Then I stood back and waited for him to spit fire, but he just gave me this little polite schoolboy grin and said, “Okay, Faye, if that’s how it’s gonna be, what’s there left to say? It’s just that I’ll be moving soon and I didn’t want to leave with all of these question marks hanging in the air between us. But since you’re obviously not interested in shedding any light on the situation, I guess I’ll just have to
go through life wondering just what it was I did to earn myself the boot.”

HIM

After my soul-sapping encounter with Faye, it seemed like the rest of my weekend went steadily downhill.
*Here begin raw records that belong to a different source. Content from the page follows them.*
(* Let $\Sigma\in\mathbb{R}^{p\times p}$ be positive definite and suppose $\Sigma=(I-B_0)^{-T}\Omega_0(I-B_0)^{-1}$ for some $B_0\in\mathbb{D}$ and $\Omega_0=\omega_0^2I$ with $\omega_0>0$. Then $B_0$ is the unique minimum-trace DAG, i.e. $B_0=\tilde B(\pi_0)$ for every $\pi_0\in\arg\min_\pi\operatorname{tr}\tilde\Omega(\pi)$.
   Context: $\mathbb{D}$ is the set of real $p\times p$ matrices whose directed graph (edge $i\to j$ iff $b_{ij}\ne0$) is acyclic. For a permutation $\pi$ of $[p]$, $(P_\pi A)_{ij}=a_{\pi(i)\pi(j)}$. For each $\pi$, write uniquely $P_\pi\Sigma^{-1}=(I-L)D^{-1}(I-L)^T$ with $L$ strictly lower triangular and $D$ diagonal with positive diagonal, and set $\tilde B(\pi)=P_{\pi^{-1}}L$, $\tilde\Omega(\pi)=P_{\pi^{-1}}D$. A minimum-trace permutation is any $\pi_0\in\arg\min_\pi\operatorname{tr}\tilde\Omega(\pi)$ and $\tilde B(\pi_0)$ is a minimum-trace DAG. *)

theory Defs
  imports "HOL-Analysis.Analysis"
begin

text \<open>Matrices are p x p real matrices indexed by a finite linearly ordered type 'n
  (p = CARD('n)); the linear order on 'n plays the role of the order on [p].\<close>

definition pos_def_mat :: "real^'n^'n \<Rightarrow> bool" where
  "pos_def_mat S \<longleftrightarrow> transpose S = S \<and> (\<forall>x. x \<noteq> 0 \<longrightarrow> x \<bullet> (S *v x) > 0)"

definition is_dag_mat :: "real^'n^'n \<Rightarrow> bool" where
  "is_dag_mat B \<longleftrightarrow> acyclic {(i, j). B $ i $ j \<noteq> 0}"

definition perm_act :: "('n \<Rightarrow> 'n) \<Rightarrow> real^'n^'n \<Rightarrow> real^'n^'n" where
  "perm_act \<pi> A = (\<chi> i j. A $ (\<pi> i) $ (\<pi> j))"

definition strict_lower :: "real^'n::{finite,linorder}^'n::{finite,linorder} \<Rightarrow> bool" where
  "strict_lower L \<longleftrightarrow> (\<forall>i j. i \<le> j \<longrightarrow> L $ i $ j = 0)"

definition pos_diag :: "real^'n^'n \<Rightarrow> bool" where
  "pos_diag D \<longleftrightarrow> (\<forall>i j. i \<noteq> j \<longrightarrow> D $ i $ j = 0) \<and> (\<forall>i. D $ i $ i > 0)"

definition ldl_factors :: "real^'n::{finite,linorder}^'n::{finite,linorder} \<Rightarrow> ('n::{finite,linorder} \<Rightarrow> 'n::{finite,linorder}) \<Rightarrow> (real^'n::{finite,linorder}^'n::{finite,linorder}) \<times> (real^'n::{finite,linorder}^'n::{finite,linorder})" where
  "ldl_factors S \<pi> = (THE LD. strict_lower (fst LD) \<and> pos_diag (snd LD) \<and>
     perm_act \<pi> (matrix_inv S) =
       (mat 1 - fst LD) ** matrix_inv (snd LD) ** transpose (mat 1 - fst LD))"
I swear, it was like a chain reaction or something, man, ’cause all the women in my life just plain started acting a fool.
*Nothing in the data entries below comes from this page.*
lemma seq_val_split:
  assumes "1 < q" "a \<in> Omega M"
  shows "seq_val q a = (\<Sum>i<n. real (a i) / q ^ Suc i) + seq_val q (shift n a) / q ^ n"
proof -
  have "(\<Sum>i. real (a (i + n)) / q ^ Suc (i + n)) = (\<Sum>i. real (shift n a i) / q ^ Suc i / q ^ n)"
    by (simp add: add.commute power_add field_simps)
  also have "\<dots> = seq_val q (shift n a) / q ^ n"
    unfolding seq_val_def by (rule suminf_divide[OF summable_seq_val[OF assms(1) Omega_shift[OF assms(2)]]])
  finally show ?thesis
    unfolding seq_val_def using suminf_split_initial_segment[OF summable_seq_val[OF assms], of n] by simp
qed

lemma seq_val_split_Suc:
  assumes "1 < q" "a \<in> Omega M"
  shows "seq_val q a = (\<Sum>i<n. real (a i) / q ^ Suc i)
    + (real (a n) + seq_val q (shift (Suc n) a)) / q ^ Suc n"
  using seq_val_split[OF assms, of "Suc n"] by (simp add: add_divide_distrib)

lemma seq_val_pos:
  assumes "1 < q" "a \<in> Omega M" "a i \<noteq> 0"
  shows "0 < seq_val q a"
  unfolding seq_val_def using assms by (intro suminf_pos2[OF summable_seq_val[OF assms(1,2)], of i]) auto

lemma seq_val_shift_pos:
  assumes "1 < q" "a \<in> Omega M" "\<forall>N. \<exists>i\<ge>N. a i \<noteq> 0"
  shows "0 < seq_val q (shift n a)"
proof -
  obtain i where "i \<ge> n" "a i \<noteq> 0"
    using assms(3) by blast
  then have "shift n a (i - n) \<noteq> 0"
    by simp
  then show ?thesis
    using seq_val_pos[OF assms(1) Omega_shift[OF assms(2)]] by blast
qed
The very next day I got into this big shouting match with Clarice after I found out she’d been letting my son, Benjamin, call some dude she’s been laying up with “daddy.” I’m saying, man, some gold-toothed runt of a fool named Bull-Dog. I let her know, not only was it not right, but I wasn’t gonna have it. I mean, come on, my son is almost three and has yet to act like he even knows he and I are some kinda kin. But I’m supposed to just step aside and let her slowly poison my boy’s mind against me? I don’t think so.

Man, Clarice went off and accused me of not spending enough time with Ben and being negligent in my duties as a father. Like that’s my fault! She’s the one who won’t hardly let me take the boy out of her sight, which pretty much limits my role to that of a checkbook papa, some dude who rolls through every once in a while to drop off a check, a box of Pull-Ups, and maybe a Tonka toy or two.
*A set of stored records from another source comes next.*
lemma facet_adjacent_link_insert:
  assumes "simplicial_complex K" and "finite K" and "facet_adjacent (link v K) H H'"
  shows "facet_adjacent K (insert v H) (insert v H')"
proof -
  have H: "H \<in> facets (link v K)" and H': "H' \<in> facets (link v K)"
    using assms(3) unfolding facet_adjacent_def by blast+
  have "finite H" "finite H'"
    using H H' finite_face[OF assms(1,2)] unfolding facets_def link_def by blast+
  moreover have "insert v H \<inter> insert v H' = insert v (H \<inter> H')" by blast
  ultimately show ?thesis
    using assms(3) facets_link_insert[OF assms(1) H] facets_link_insert[OF assms(1) H']
    unfolding facet_adjacent_def by simp
qed

lemma rtranclp_facet_adjacent_link_insert:
  assumes "simplicial_complex K" and "finite K" and "(facet_adjacent (link v K))\<^sup>*\<^sup>* H H'"
  shows "(facet_adjacent K)\<^sup>*\<^sup>* (insert v H) (insert v H')"
  using assms(3)
proof (induction rule: rtranclp_induct)
  case (step G G')
  then show ?case using facet_adjacent_link_insert[OF assms(1,2)] by (meson rtranclp.rtrancl_into_rtrancl)
qed simp

lemma pure_link:
  assumes "simplicial_complex K" and "finite K" and "pure K"
  shows "pure (link v K)"
proof -
  obtain d where d: "\<And>F. F \<in> facets K \<Longrightarrow> card F = d" using assms(3) unfolding pure_def by blast
  have "card H = d - 1" if H: "H \<in> facets (link v K)" for H
  proof -
    have "finite H" using H finite_face[OF assms(1,2)] unfolding facets_def link_def by blast
    moreover have "card (insert v H) = d" using facets_link_insert[OF assms(1) H] d by blast
    ultimately show ?thesis using facets_link_insert(2)[OF assms(1) H] by simp
  qed
  then show ?thesis unfolding pure_def by blast
qed

lemma pure_deletion:
  assumes "facets (deletion v K) \<subseteq> facets K" and "pure K"
  shows "pure (deletion v K)"
  using assms unfolding pure_def by blast

lemma cone_facet_adjacent_deletion_facet:
  assumes "simplicial_complex K" and "finite K" and "pure K" and "{v} \<in> K"
    and "facets (deletion v K) \<subseteq> facets K"
  obtains H D\<^sub>0 where "H \<in> facets (link v K)" and "D\<^sub>0 \<in> facets (deletion v K)"
    and "facet_adjacent K (insert v H) D\<^sub>0"
proof -
  have "{} \<in> link v K" using assms(1,4) unfolding simplicial_complex_def link_def by auto
  moreover have "finite (link v K)" using assms(2) unfolding link_def by simp
  ultimately obtain H where H: "H \<in> facets (link v K)" using exists_facet_superset by blast
  have vH: "v \<notin> H" "insert v H \<in> facets K" using facets_link_insert[OF assms(1) H] by auto
  have "H \<in> deletion v K" using H unfolding facets_def link_def deletion_def by auto
  moreover have "finite (deletion v K)" using assms(2) unfolding deletion_def by simp
  ultimately obtain D\<^sub>0 where D\<^sub>0: "D\<^sub>0 \<in> facets (deletion v K)" "H \<subseteq> D\<^sub>0"
    using exists_facet_superset by blast
  have D\<^sub>0K: "D\<^sub>0 \<in> facets K" "v \<notin> D\<^sub>0" using D\<^sub>0(1) assms(5) unfolding facets_def deletion_def by auto
  have "finite H" using H finite_face[OF assms(1,2)] unfolding facets_def link_def by blast
  moreover have "insert v H \<inter> D\<^sub>0 = H" using D\<^sub>0(2) D\<^sub>0K(2) by auto
  ultimately have "card (insert v H \<inter> D\<^sub>0) + 1 = card (insert v H)" using vH(1) by simp
  moreover have "card (insert v H) = card D\<^sub>0" using assms(3) vH(2) D\<^sub>0K(1) unfolding pure_def by metis
  ultimately have "facet_adjacent K (insert v H) D\<^sub>0" using vH(2) D\<^sub>0K(1) unfolding facet_adjacent_def by simp
  then show ?thesis using that H D\<^sub>0(1) by blast
qed

lemma vertex_decomposable_pure_strongly_connected:
  assumes "vertex_decomposable K" and "simplicial_complex K" and "finite K" and "pure K"
  shows "strongly_connected K"
  using assms
proof (induction K rule: vertex_decomposable.induct)
  case (simplex F)
  have "facets (Pow F) = {F}" unfolding facets_def by auto
  then show ?case unfolding strongly_connected_def by simp
next
  case (decomp v K)
  note K = decomp.prems(1,2)
  have "finite (link v K)" "finite (deletion v K)" using K(2) unfolding link_def deletion_def by simp_all
  then have scL: "strongly_connected (link v K)" and scD: "strongly_connected (deletion v K)"
    using decomp.IH simplicial_complex_link[OF K(1)] simplicial_complex_deletion[OF K(1)]
      pure_link[OF K decomp.prems(3)] pure_deletion[OF decomp.hyps(4) decomp.prems(3)] by blast+
  obtain H D\<^sub>0 where H: "H \<in> facets (link v K)" and D\<^sub>0: "D\<^sub>0 \<in> facets (deletion v K)"
    and bridge: "facet_adjacent K (insert v H) D\<^sub>0"
    using cone_facet_adjacent_deletion_facet[OF K decomp.prems(3) decomp.hyps(1,4)] by blast
  show ?case
  proof (rule strongly_connectedI)
    show "D\<^sub>0 \<in> facets K" using D\<^sub>0 decomp.hyps(4) by blast
  next
    fix F assume F: "F \<in> facets K"
    show "(facet_adjacent K)\<^sup>*\<^sup>* F D\<^sub>0"
    proof (cases "v \<in> F")
      case True
      then have "(facet_adjacent (link v K))\<^sup>*\<^sup>* (F - {v}) H"
        using scL H facet_minus_in_facets_link[OF K(1) F] unfolding strongly_connected_def by blast
      then have "(facet_adjacent K)\<^sup>*\<^sup>* F (insert v H)"
        using rtranclp_facet_adjacent_link_insert[OF K] True by (metis insert_Diff)
      then show ?thesis using bridge by (rule rtranclp.rtrancl_into_rtrancl)
    next
      case False
      then have "F \<in> facets (deletion v K)" using F unfolding facets_def deletion_def by auto
      then show ?thesis
        using scD D\<^sub>0 rtranclp_facet_adjacent_mono[OF decomp.hyps(4)] unfolding strongly_connected_def by blast
    qed
  qed
qed

lemma simplicial_complex_non_cover_complex: "simplicial_complex (non_cover_complex V E)"
  unfolding simplicial_complex_def non_cover_complex_def by blast

lemma finite_non_cover_complex: "finite V \<Longrightarrow> finite (non_cover_complex V E)"
  unfolding non_cover_complex_def by (simp add: Collect_mono_iff)

lemma facets_non_cover_complex:
  assumes "simple_graph V E"
  shows "facets (non_cover_complex V E) = (\<lambda>e. V - e) ` E"
proof -
  have edge: "e \<subseteq> V" "card e = 2" "finite e" if "e \<in> E" for e
    using assms that unfolding simple_graph_def by (auto intro: card_ge_0_finite)
  have max: "G = V - e"
    if e: "e \<in> E" and G: "G \<in> non_cover_complex V E" and sub: "V - e \<subseteq> G" for e G
  proof -
    obtain e' where e': "e' \<in> E" "e' \<subseteq> V - G" "G \<subseteq> V"
      using G unfolding non_cover_complex_def by blast
    then have "e' \<subseteq> e" using sub edge(1)[OF e] by blast
    then have "e' = e" using card_subset_eq[OF edge(3)[OF e]] edge(2) e e'(1) by simp
    then show ?thesis using e' sub by blast
  qed
  have in_nc: "V - e \<in> non_cover_complex V E" if "e \<in> E" for e
    using that edge(1)[OF that] unfolding non_cover_complex_def by blast
  show ?thesis
  proof (intro equalityI subsetI)
    fix F assume F: "F \<in> facets (non_cover_complex V E)"
    then obtain e where e: "e \<in> E" "F \<subseteq> V - e"
      unfolding facets_def non_cover_complex_def by blast
    then show "F \<in> (\<lambda>e. V - e) ` E" using F in_nc[OF e(1)] unfolding facets_def by blast
  next
    fix F assume "F \<in> (\<lambda>e. V - e) ` E"
    then show "F \<in> facets (non_cover_complex V E)"
      using in_nc max unfolding facets_def by blast
  qed
qed

lemma card_diff_edge:
  assumes "simple_graph V E" and "e \<in> E"
  shows "card (V - e) = card V - 2"
  using assms card_Diff_subset unfolding simple_graph_def by (metis card.infinite zero_neq_numeral)

lemma card_diff_disjoint_edges:
  assumes "simple_graph V E" and "a \<in> E" and "b \<in> E" and "a \<inter> b = {}"
  shows "card ((V - a) \<inter> (V - b)) = card V - 4" and "4 \<le> card V"
proof -
  have ab: "a \<subseteq> V" "b \<subseteq> V" "card a = 2" "card b = 2" and "finite V"
    using assms unfolding simple_graph_def by auto
  then have "card (a \<union> b) = 4" using assms(4) by (metis card_Un_disjoint card.infinite numeral_Bit0 zero_neq_numeral)
  moreover have "(V - a) \<inter> (V - b) = V - (a \<union> b)" by blast
  ultimately show "card ((V - a) \<inter> (V - b)) = card V - 4" "4 \<le> card V"
    using ab \<open>finite V\<close> card_Diff_subset[of "a \<union> b" V] card_mono[of V "a \<union> b"]
    by (auto intro: finite_subset)
qed

lemma pure_non_cover_complex:
  assumes "simple_graph V E"
  shows "pure (non_cover_complex V E)"
  unfolding pure_def facets_non_cover_complex[OF assms] using card_diff_edge[OF assms] by blast

lemma non_cover_complex_disjoint_union_not_strongly_connected:
  assumes G\<^sub>1: "simple_graph V\<^sub>1 E\<^sub>1" and G\<^sub>2: "simple_graph V\<^sub>2 E\<^sub>2" and "V\<^sub>1 \<inter> V\<^sub>2 = {}"
    and "E\<^sub>1 \<noteq> {}" and "E\<^sub>2 \<noteq> {}"
  shows "\<not> strongly_connected (non_cover_complex (V\<^sub>1 \<union> V\<^sub>2) (E\<^sub>1 \<union> E\<^sub>2))"
proof
  define V where "V = V\<^sub>1 \<union> V\<^sub>2"
  define E where "E = E\<^sub>1 \<union> E\<^sub>2"
  define K where "K = non_cover_complex V E"
  assume "strongly_connected (non_cover_complex (V\<^sub>1 \<union> V\<^sub>2) (E\<^sub>1 \<union> E\<^sub>2))"
  then have sc: "strongly_connected K" unfolding K_def V_def E_def .
  have G: "simple_graph V E" using G\<^sub>1 G\<^sub>2 unfolding V_def E_def simple_graph_def by blast
  have facets: "facets K = (\<lambda>e. V - e) ` E" unfolding K_def by (rule facets_non_cover_complex[OF G])
  have edge: "e \<subseteq> V" "e \<noteq> {}" if "e \<in> E" for e
    using G that unfolding simple_graph_def by fastforce+
  have disjoint: "a \<inter> b = {}" if "a \<in> E\<^sub>1" "b \<in> E\<^sub>2" for a b
    using that G\<^sub>1 G\<^sub>2 \<open>V\<^sub>1 \<inter> V\<^sub>2 = {}\<close> unfolding simple_graph_def by blast
  have not_both: "e \<notin> E\<^sub>2" if "e \<in> E\<^sub>1" for e
    using disjoint[OF that] that edge unfolding E_def by blast
  have complement_inj: "a = b" if "a \<in> E" "b \<in> E" "V - a = V - b" for a b
    using that edge by (metis double_diff order_refl)
  \<comment> \<open>adjacent facets \<open>V - a\<close>, \<open>V - b\<close> must share \<open>|V| - 3\<close> vertices, so \<open>a\<close> and \<open>b\<close> meet\<close>
  have same_side: "b \<in> E\<^sub>1" if "a \<in> E\<^sub>1" "b \<in> E" "facet_adjacent K (V - a) (V - b)" for a b
  proof (rule ccontr)
    assume "b \<notin> E\<^sub>1"
    then have "a \<inter> b = {}" using disjoint that(1,2) unfolding E_def by blast
    then have "card ((V - a) \<inter> (V - b)) = card V - 4" "4 \<le> card V"
      using card_diff_disjoint_edges[OF G _ that(2)] that(1) unfolding E_def by auto
    moreover have "card (V - a) = card V - 2" using card_diff_edge[OF G] that(1) unfolding E_def by blast
    ultimately show False using that(3) unfolding facet_adjacent_def by linarith
  qed
  obtain e\<^sub>1 e\<^sub>2 where e: "e\<^sub>1 \<in> E\<^sub>1" "e\<^sub>2 \<in> E\<^sub>2" using assms(4,5) by blast
  then have "(facet_adjacent K)\<^sup>*\<^sup>* (V - e\<^sub>1) (V - e\<^sub>2)"
    using sc unfolding strongly_connected_def facets E_def by blast
  then have "\<exists>e\<in>E\<^sub>1. V - e\<^sub>2 = V - e"
  proof (induction rule: rtranclp_induct)
    case (step F F')
    then obtain a b where "a \<in> E\<^sub>1" "F = V - a" "b \<in> E" "F' = V - b"
      using facets unfolding facet_adjacent_def by blast
    then show ?case using same_side step(2) by blast
  qed (use e in blast)
  then show False using complement_inj not_both e unfolding E_def by blast
qed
Well, the name-calling and insults escalated to the point where I said, hey, enough already. I snatched up Ben—who by this time had joined in with some screaming and wailing of his own—and told Clarice she could call me when she came to her senses, and maybe then we could sit down and figure out some sort of sensible visitation schedule.
Oh yeah, man, she howled up a storm then. Threatened to call the cops and have my butt thrown in jail for kidnapping! But I was way too far past mad to let that detour me any.

Next thing I know, I’m driving around the city with this screaming kid who don’t know me from Santa Claus, when outta nowhere I get this bright idea to run by the ex’s and pick up my girls. After all, it’s a nice sunny, spring day in May. What better way to spend it than with all of my kids? I could take them downtown, treat them to a ride on the Main Street Trolley, show them the Pyramid, zip on over to Tom Lee Park and let them watch the boats on the river … Yeah, man, I went over to my ex’s all ready to play this daddy thing to the hilt—only to have Bet promptly pitch a fit and curse me out for having the “negrified audacity,” as she put it, “to bring that stank tramp’s child” up in her house.

In hindsight, I don’t know what I was thinking. The fact that Benjamin even exists is still very much a sore point between me and Bet. That’s not to say that my ex is at all a hateful woman. Really, for the most part, she’s the sweetest person you’d ever want to meet. It’s just that in a lot of ways Benjamin’s birth was the straw that broke the camel’s back in our already troubled marriage. I keep praying that time will eventually ease some of the pain for her and maybe even one day allow her to forgive me for it. But needless to say, that wasn’t the day.

Anyway, instead of the girls, all I got was a good chewing out. That’s how I ended up back at my place trying to bribe my hardheaded, inconsolable son with a doggone Happy Meal and just about on the brink of bawling some myself.

HER

There’s nothing I hate more than the sound of a crying baby. And this child was over there screaming like his whole little world was about to come to some catastrophic end.

After fifteen minutes of trying to tune it out, I went over and asked Carl if everything was all right, only to have him spit a nasty “Yeah!” at me before slamming the freaking door in my face.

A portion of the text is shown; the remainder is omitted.